• _Your task_: In the data below, the answer is the run of lines from the line containing "proof (induction N)" through the line containing "(SOME r'. \<exists>p", both included; print it exactly and nothing else.

Provided data START

lemma summable_on_finite_sums_bounded:
  fixes f :: "'i \<Rightarrow> 'b::real_normed_vector"
  assumes "f summable_on I"
  obtains B where "\<And>F. finite F \<Longrightarrow> F \<subseteq> I \<Longrightarrow> norm (sum f F) \<le> B"
proof -
  obtain s where "(f has_sum s) I"
    using assms unfolding summable_on_def by blast
  then have "eventually (\<lambda>F. dist (sum f F) s < 1) (finite_subsets_at_top I)"
    unfolding has_sum_def by (rule tendstoD) simp
  then obtain X where X: "finite X" "X \<subseteq> I"
    and near: "\<And>Y. finite Y \<Longrightarrow> X \<subseteq> Y \<Longrightarrow> Y \<subseteq> I \<Longrightarrow> dist (sum f Y) s < 1"
    unfolding eventually_finite_subsets_at_top by metis
  have "norm (sum f F) \<le> norm s + 1 + (\<Sum>x\<in>X. norm (f x))" if F: "finite F" "F \<subseteq> I" for F
  proof -
    have "sum f (F \<union> (X - F)) = sum f F + sum f (X - F)"
      using F X by (intro sum.union_disjoint) auto
    then have "sum f F = sum f (F \<union> X) - sum f (X - F)"
      by (simp add: Un_Diff_cancel)
    moreover have "norm (sum f (F \<union> X)) \<le> norm s + 1"
      using near [of "F \<union> X"] F X norm_triangle_sub [of "sum f (F \<union> X)" s]
      by (simp add: dist_norm)
    moreover have "norm (sum f (X - F)) \<le> (\<Sum>x\<in>X. norm (f x))"
      using norm_sum [of f "X - F"] sum_mono2 [OF X(1) Diff_subset, where f = "\<lambda>x. norm (f x)"]
      by (simp add: order_trans)
    ultimately show ?thesis
      using norm_triangle_ineq4 [of "sum f (F \<union> X)" "sum f (X - F)"] by simp
  qed
  then show ?thesis
    by (rule that)
qed

lemma infsum_bounded_linear:
  assumes "bounded_linear h" and "f summable_on A"
  shows "infsum (\<lambda>x. h (f x)) A = h (infsum f A)"
  by (rule infsumI [OF has_sum_bounded_linear [OF assms(1) has_sum_infsum [OF assms(2)]]])
lemma spanned_by_le_Suc:
  assumes H: "subspace H" and "H' \<subseteq> H" and "spanned_by_le scale k H'"
    and codim1: "\<And>x y. x \<in> H \<Longrightarrow> y \<in> H \<Longrightarrow> \<exists>c d. (c \<noteq> 0 \<or> d \<noteq> 0) \<and> scale c x + scale d y \<in> H'"
  shows "spanned_by_le scale (Suc k) H"
proof -
  obtain B where B: "finite B" "card B \<le> k" "span B = H'"
    using \<open>spanned_by_le scale k H'\<close> unfolding spanned_by_le_def by blast
  have "\<exists>x. span (insert x B) = H" (is "\<exists>x. ?spans x")
  proof (cases "H \<subseteq> H'")
    case True
    then show ?thesis using B \<open>H' \<subseteq> H\<close> by (intro exI[of _ 0]) (simp add: span_insert_0)
  next
    case False
    then obtain x where x: "x \<in> H" "x \<notin> span B" using B(3) by blast
    have "y \<in> span (insert x B)" if y: "y \<in> H" for y
    proof -
      obtain c d where cd: "c \<noteq> 0 \<or> d \<noteq> 0" "scale c x + scale d y \<in> span B"
        using codim1[OF x(1) y] B(3) by blast
      have "d \<noteq> 0"
      proof
        assume "d = 0"
        with cd have "c \<noteq> 0" "scale c x \<in> span B" by auto
        with x(2) show False using span_scale[of "scale c x" B "inverse c"] by simp
      qed
      have "y = scale (inverse d) ((scale c x + scale d y) - scale c x)"
        using \<open>d \<noteq> 0\<close> by simp
      also have "\<dots> \<in> span (insert x B)"
        using cd(2) span_mono[of B "insert x B"]
        by (intro span_scale span_diff) (auto intro: span_base)
      finally show ?thesis .
    qed
    moreover have "span (insert x B) \<subseteq> H"
      using B(3) \<open>H' \<subseteq> H\<close> x(1) span_superset[of B] by (intro span_minimal[OF _ H]) auto
    ultimately show ?thesis by blast
  qed
  then obtain x where "?spans x" ..
  moreover have "card (insert x B) \<le> Suc k"
    using B(1,2) by (simp add: card_insert_if)
  ultimately show ?thesis
    using B(1) unfolding spanned_by_le_def by blast
qed

lemma spanned_by_le_chain:
  assumes "\<And>j. j \<le> N \<Longrightarrow> subspace (H j)" and "\<And>j. j < N \<Longrightarrow> H j \<subseteq> H (Suc j)"
    and "spanned_by_le scale k (H 0)"
    and "\<And>j x y. j < N \<Longrightarrow> x \<in> H (Suc j) \<Longrightarrow> y \<in> H (Suc j) \<Longrightarrow>
           \<exists>c d. (c \<noteq> 0 \<or> d \<noteq> 0) \<and> scale c x + scale d y \<in> H j"
  shows "spanned_by_le scale (k + N) (H N)"
  using assms
proof (induction N)
  case (Suc N)
  then have "spanned_by_le scale (k + N) (H N)" by simp
  with Suc.prems show ?case
    by (simp add: spanned_by_le_Suc[of "H (Suc N)" "H N"])
qed simp

end

type_synonym ratfun = "complex poly fract"

definition fract_shift :: "complex \<Rightarrow> ratfun \<Rightarrow> ratfun" where
  "fract_shift c r =
     (SOME r'. \<exists>p q. q \<noteq> 0 \<and> r = Fract p q \<and> r' = Fract (pcompose p [:c, 1:]) (pcompose q [:c, 1:]))"

lemma pcompose_shift_eq_0_iff [simp]: "pcompose p [:c, 1:] = 0 \<longleftrightarrow> p = (0 :: complex poly)"
  by (simp add: pcompose_eq_0_iff)

lemma fract_shift_Fract:
  assumes "q \<noteq> 0"
  shows "fract_shift c (Fract p q) = Fract (pcompose p [:c, 1:]) (pcompose q [:c, 1:])"
proof -
  have "\<exists>p' q'. q' \<noteq> 0 \<and> Fract p q = Fract p' q' \<and>
          fract_shift c (Fract p q) = Fract (pcompose p' [:c, 1:]) (pcompose q' [:c, 1:])"
    unfolding fract_shift_def by (rule someI_ex) (use assms in blast)
  then obtain p' q' where pq: "q' \<noteq> 0" "Fract p q = Fract p' q'"
    and shift: "fract_shift c (Fract p q) = Fract (pcompose p' [:c, 1:]) (pcompose q' [:c, 1:])"
    by blast
  from pq assms have "p * q' = p' * q" by (simp add: eq_fract)
  then have "pcompose p [:c, 1:] * pcompose q' [:c, 1:] = pcompose p' [:c, 1:] * pcompose q [:c, 1:]"
    by (metis pcompose_mult)
  with shift pq(1) assms show ?thesis by (simp add: eq_fract)
qed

Provided data END

• _Answer section_:
proof (induction N)
  case (Suc N)
  then have "spanned_by_le scale (k + N) (H N)" by simp
  with Suc.prems show ?case
    by (simp add: spanned_by_le_Suc[of "H (Suc N)" "H N"])
qed simp

end

type_synonym ratfun = "complex poly fract"

definition fract_shift :: "complex \<Rightarrow> ratfun \<Rightarrow> ratfun" where
  "fract_shift c r =
     (SOME r'. \<exists>p q. q \<noteq> 0 \<and> r = Fract p q \<and> r' = Fract (pcompose p [:c, 1:]) (pcompose q [:c, 1:]))"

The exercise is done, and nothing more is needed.